**EXERCISE DETAILS**
Your response should consist of the entries below, written out exactly.

**WORKING DATA**

(* Let $(X,Y)$ be a pair of $n\times n$ complex matrices with $\mathrm{rank}([X,Y]-I)\le 1$, and suppose $X$ is diagonalizable. Then there are unique polynomials $p,q$ of degree at most $n$ with $p(0)=q(0)=0$ such that the pair $\Psi_q\Phi_p(X_0,Y_0)$ is simultaneously conjugate to $(X,Y)$.
   Context: $X_0=-\sum_{r=1}^{n-1} rE_{r+1,r}$, $Y_0=\sum_{r=1}^{n-1}E_{r,r+1}$ ($E_{i,j}$ the matrix unit). For a polynomial $p$, $\Phi_p(X,Y)=(X+p'(Y),Y)$ and $\Psi_q(X,Y)=(X,Y-q'(X))$. *)

theory Defs
  imports "Jordan_Normal_Form.DL_Rank" "HOL-Computational_Algebra.Polynomial"
begin

definition poly_mat :: "complex poly \<Rightarrow> complex mat \<Rightarrow> complex mat" where
  "poly_mat p A = foldr (\<lambda>c M. c \<cdot>\<^sub>m 1\<^sub>m (dim_row A) + A * M) (coeffs p) (0\<^sub>m (dim_row A) (dim_row A))"

(* X_0 = - sum_{r=1}^{n-1} r E_{r+1,r}  (0-based indices: entry (r, r-1) = -r) *)
definition X0 :: "nat \<Rightarrow> complex mat" where
  "X0 n = mat n n (\<lambda>(i,j). if i = j + 1 then - of_nat i else 0)"

(* Y_0 = sum_{r=1}^{n-1} E_{r,r+1}  (0-based indices: entry (r-1, r) = 1) *)
definition Y0 :: "nat \<Rightarrow> complex mat" where
  "Y0 n = mat n n (\<lambda>(i,j). if j = i + 1 then 1 else 0)"

definition Phi :: "complex poly \<Rightarrow> complex mat \<times> complex mat \<Rightarrow> complex mat \<times> complex mat" where
  "Phi p XY = (fst XY + poly_mat (pderiv p) (snd XY), snd XY)"

definition Psi :: "complex poly \<Rightarrow> complex mat \<times> complex mat \<Rightarrow> complex mat \<times> complex mat" where
  "Psi q XY = (fst XY, snd XY - poly_mat (pderiv q) (fst XY))"

definition sim_conj :: "nat \<Rightarrow> complex mat \<times> complex mat \<Rightarrow> complex mat \<times> complex mat \<Rightarrow> bool" where
  "sim_conj n AB XY = (\<exists>P Q. P \<in> carrier_mat n n \<and> Q \<in> carrier_mat n n \<and>
      P * Q = 1\<^sub>m n \<and> Q * P = 1\<^sub>m n \<and>
      fst XY = P * fst AB * Q \<and> snd XY = P * snd AB * Q)"

definition diagonalizable :: "complex mat \<Rightarrow> bool" where
  "diagonalizable A = (\<exists>D. diagonal_mat D \<and> similar_mat A D)"

end

theory Submission
  imports Defs Jordan_Normal_Form.DL_Rank_Submatrix "HOL-Computational_Algebra.Polynomial_FPS"
begin

text \<open>
  Conjugate \<open>X\<close> to a diagonal matrix \<open>D = diag x\<close>. The rank condition makes \<open>[D, Y] - I\<close> an
  outer product \<open>a b\<^sup>T\<close>, i.e. \<open>(x i - x j) Y i j - \<delta> i j = a i b j\<close>. Hence \<open>a i b i = -1\<close>,
  the \<open>x i\<close> are pairwise distinct, and \<open>Y\<close> is determined up to conjugation by an invertible
  diagonal matrix and addition of a diagonal matrix.

  For \<open>X\<^sub>p = X0 + p'(Y0)\<close> a row vector \<open>w\<close> satisfies \<open>w X\<^sub>p = l w\<close> exactly when \<open>w\<close> is
  proportional to the first \<open>n\<close> coefficients of \<open>exp (p z - l z)\<close> and the \<open>n\<close>-th coefficient of
  this series vanishes. That coefficient is a polynomial of degree \<open>n\<close> in \<open>l\<close> whose coefficients
  correspond triangularly to those of \<open>p\<close>, so exactly one \<open>p\<close> of degree at most \<open>n\<close> with
  \<open>p(0) = 0\<close> gives \<open>X\<^sub>p\<close> the eigenvalues \<open>x i\<close>. The eigenvectors \<open>W\<close> conjugate \<open>X\<^sub>p\<close> to \<open>D\<close>,
  and \<open>Y0 - q'(X\<^sub>p)\<close> to \<open>W Y0 W\<^sup>-\<^sup>1 - diag (q' \<circ> x)\<close>. After the diagonal rescaling this
  agrees with \<open>Y\<close> off the diagonal, and on the diagonal exactly when \<open>q'\<close> interpolates prescribed
  values at the \<open>n\<close> points \<open>x i\<close>, which determines \<open>q'\<close> of degree below \<open>n\<close> uniquely.
\<close>

section \<open>Matrices of rank at most one\<close>

lemma det_dim_2:
  fixes A :: "'a::comm_ring_1 mat"
  assumes "A \<in> carrier_mat 2 2"
  shows "det A = A $$ (0,0) * A $$ (1,1) - A $$ (0,1) * A $$ (1,0)"
proof -
  have "mat_delete A 0 j \<in> carrier_mat 1 1" for j
    using assms by (simp add: mat_delete_def)
  then show ?thesis
    using assms by (simp add: laplace_expansion_row[OF assms, of 0] cofactor_def det_single
        numeral_2_eq_2 mat_delete_def)
qed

**ANSWER FOR THE TASK**
(* Let $(X,Y)$ be a pair of $n\times n$ complex matrices with $\mathrm{rank}([X,Y]-I)\le 1$, and suppose $X$ is diagonalizable. Then there are unique polynomials $p,q$ of degree at most $n$ with $p(0)=q(0)=0$ such that the pair $\Psi_q\Phi_p(X_0,Y_0)$ is simultaneously conjugate to $(X,Y)$.
   Context: $X_0=-\sum_{r=1}^{n-1} rE_{r+1,r}$, $Y_0=\sum_{r=1}^{n-1}E_{r,r+1}$ ($E_{i,j}$ the matrix unit). For a polynomial $p$, $\Phi_p(X,Y)=(X+p'(Y),Y)$ and $\Psi_q(X,Y)=(X,Y-q'(X))$. *)

theory Defs
  imports "Jordan_Normal_Form.DL_Rank" "HOL-Computational_Algebra.Polynomial"
begin

definition poly_mat :: "complex poly \<Rightarrow> complex mat \<Rightarrow> complex mat" where
  "poly_mat p A = foldr (\<lambda>c M. c \<cdot>\<^sub>m 1\<^sub>m (dim_row A) + A * M) (coeffs p) (0\<^sub>m (dim_row A) (dim_row A))"

(* X_0 = - sum_{r=1}^{n-1} r E_{r+1,r}  (0-based indices: entry (r, r-1) = -r) *)
definition X0 :: "nat \<Rightarrow> complex mat" where
  "X0 n = mat n n (\<lambda>(i,j). if i = j + 1 then - of_nat i else 0)"

(* Y_0 = sum_{r=1}^{n-1} E_{r,r+1}  (0-based indices: entry (r-1, r) = 1) *)
definition Y0 :: "nat \<Rightarrow> complex mat" where
  "Y0 n = mat n n (\<lambda>(i,j). if j = i + 1 then 1 else 0)"

definition Phi :: "complex poly \<Rightarrow> complex mat \<times> complex mat \<Rightarrow> complex mat \<times> complex mat" where
  "Phi p XY = (fst XY + poly_mat (pderiv p) (snd XY), snd XY)"

definition Psi :: "complex poly \<Rightarrow> complex mat \<times> complex mat \<Rightarrow> complex mat \<times> complex mat" where
  "Psi q XY = (fst XY, snd XY - poly_mat (pderiv q) (fst XY))"

definition sim_conj :: "nat \<Rightarrow> complex mat \<times> complex mat \<Rightarrow> complex mat \<times> complex mat \<Rightarrow> bool" where
  "sim_conj n AB XY = (\<exists>P Q. P \<in> carrier_mat n n \<and> Q \<in> carrier_mat n n \<and>
      P * Q = 1\<^sub>m n \<and> Q * P = 1\<^sub>m n \<and>
      fst XY = P * fst AB * Q \<and> snd XY = P * snd AB * Q)"

definition diagonalizable :: "complex mat \<Rightarrow> bool" where
  "diagonalizable A = (\<exists>D. diagonal_mat D \<and> similar_mat A D)"

end

theory Submission
  imports Defs Jordan_Normal_Form.DL_Rank_Submatrix "HOL-Computational_Algebra.Polynomial_FPS"
begin

text \<open>
  Conjugate \<open>X\<close> to a diagonal matrix \<open>D = diag x\<close>. The rank condition makes \<open>[D, Y] - I\<close> an
  outer product \<open>a b\<^sup>T\<close>, i.e. \<open>(x i - x j) Y i j - \<delta> i j = a i b j\<close>. Hence \<open>a i b i = -1\<close>,
  the \<open>x i\<close> are pairwise distinct, and \<open>Y\<close> is determined up to conjugation by an invertible
  diagonal matrix and addition of a diagonal matrix.

  For \<open>X\<^sub>p = X0 + p'(Y0)\<close> a row vector \<open>w\<close> satisfies \<open>w X\<^sub>p = l w\<close> exactly when \<open>w\<close> is
  proportional to the first \<open>n\<close> coefficients of \<open>exp (p z - l z)\<close> and the \<open>n\<close>-th coefficient of
  this series vanishes. That coefficient is a polynomial of degree \<open>n\<close> in \<open>l\<close> whose coefficients
  correspond triangularly to those of \<open>p\<close>, so exactly one \<open>p\<close> of degree at most \<open>n\<close> with
  \<open>p(0) = 0\<close> gives \<open>X\<^sub>p\<close> the eigenvalues \<open>x i\<close>. The eigenvectors \<open>W\<close> conjugate \<open>X\<^sub>p\<close> to \<open>D\<close>,
  and \<open>Y0 - q'(X\<^sub>p)\<close> to \<open>W Y0 W\<^sup>-\<^sup>1 - diag (q' \<circ> x)\<close>. After the diagonal rescaling this
  agrees with \<open>Y\<close> off the diagonal, and on the diagonal exactly when \<open>q'\<close> interpolates prescribed
  values at the \<open>n\<close> points \<open>x i\<close>, which determines \<open>q'\<close> of degree below \<open>n\<close> uniquely.
\<close>

section \<open>Matrices of rank at most one\<close>

lemma det_dim_2:
  fixes A :: "'a::comm_ring_1 mat"
  assumes "A \<in> carrier_mat 2 2"
  shows "det A = A $$ (0,0) * A $$ (1,1) - A $$ (0,1) * A $$ (1,0)"
proof -
  have "mat_delete A 0 j \<in> carrier_mat 1 1" for j
    using assms by (simp add: mat_delete_def)
  then show ?thesis
    using assms by (simp add: laplace_expansion_row[OF assms, of 0] cofactor_def det_single
        numeral_2_eq_2 mat_delete_def)
qed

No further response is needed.